“What do you need most right now?”
Four close friends sat across the table. We’d finished an incredible lunch, almost Thanksgiving-like, followed by dark chocolate squares for dessert. Friendship and good food. What else could a girl possibly need?
Only I knew better. With in moments of gathering, we dove deep, fast. One revealed a health crisis. Another, a marriage in jeopardy. Others agonized over parenting challenges, career disappointments, and various other unknowns and sources of angst. We all had “something” that kept us awake at night.
But there we were, together. A gift. It’d be months before we found our way back to a table. So, before we left, I asked one more question.
“What do you need most right now?”
Silence. For the first time, our chatty lunch hushed to near silence as we thought of the one thing we needed most amongst so many needs. One at a time, we answered.

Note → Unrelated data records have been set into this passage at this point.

lemma power_series_derivative_at_0_and_continuity:
  fixes g :: "'a::{real_normed_field,banach} \<Rightarrow> 'a"
  assumes "\<rho> > 0" and series: "\<And>t. norm t < \<rho> \<Longrightarrow> (\<lambda>k. b k * t ^ k) sums g t"
  shows "(g has_field_derivative b 1) (at 0)" "continuous_on (ball 0 \<rho>) g"
proof -
  have g: "(\<Sum>k. b k * t ^ k) = g t" if "t \<in> ball 0 \<rho>" for t
    using series[of t] that by (simp add: sums_iff)
  have summable: "summable (\<lambda>k. b k * z ^ k)" if "norm z < \<rho>" for z
    using series[OF that] by (rule sums_summable)
  have deriv: "((\<lambda>t. \<Sum>k. b k * t ^ k) has_field_derivative (\<Sum>k. diffs b k * z ^ k)) (at z)"
    if "norm z < \<rho>" for z
    by (rule termdiffs_strong'[OF summable that])
  have "((\<lambda>t. \<Sum>k. b k * t ^ k) has_field_derivative b 1) (at 0)"
    using deriv[of 0] \<open>\<rho> > 0\<close> by (simp add: diffs_def)
  then show "(g has_field_derivative b 1) (at 0)"
    by (rule has_field_derivative_transform_within_open[of _ _ _ "ball 0 \<rho>"])
      (use \<open>\<rho> > 0\<close> g in auto)
  have "continuous_on (ball 0 \<rho>) (\<lambda>t. \<Sum>k. b k * t ^ k)"
    by (intro continuous_at_imp_continuous_on ballI DERIV_isCont[OF deriv]) auto
  then show "continuous_on (ball 0 \<rho>) g"
    by (rule continuous_on_eq) (simp add: g)
qed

“Cheerleading,” said the first. Then another, “Connection.” Two more followed, adding “Discernment” and “Encouragement” to the list. Such worthy needs, important. Then, my turn.
More silence. Like you, they didn’t understand. So I explained.
For most my life I’ve prided myself on crossed-off to-do lists. Order and responsibility make me feel worthy, as do hard work and fulfilled commitments.
Then life happened. And although sweet and good in many ways, everything changed in a moment. As a result, there’s fall out. Loads of it.
Phone calls aren’t returned. Emails and texts pile up unanswered. To-do’s end up lost and forgotten. Appointments are missed. Promises of coffee dates and get-togethers with friends remain unfulfilled. My orderly, everything-in-its-place, task-driven self has been replaced by a disconnected, forgetful, chronically late, overwhelmed (often snappy) imposter. Every day I feel like I’m letting someone down. Often, I am.
So what do I need most?
A thick, cushion of grace for the many ways I misstep.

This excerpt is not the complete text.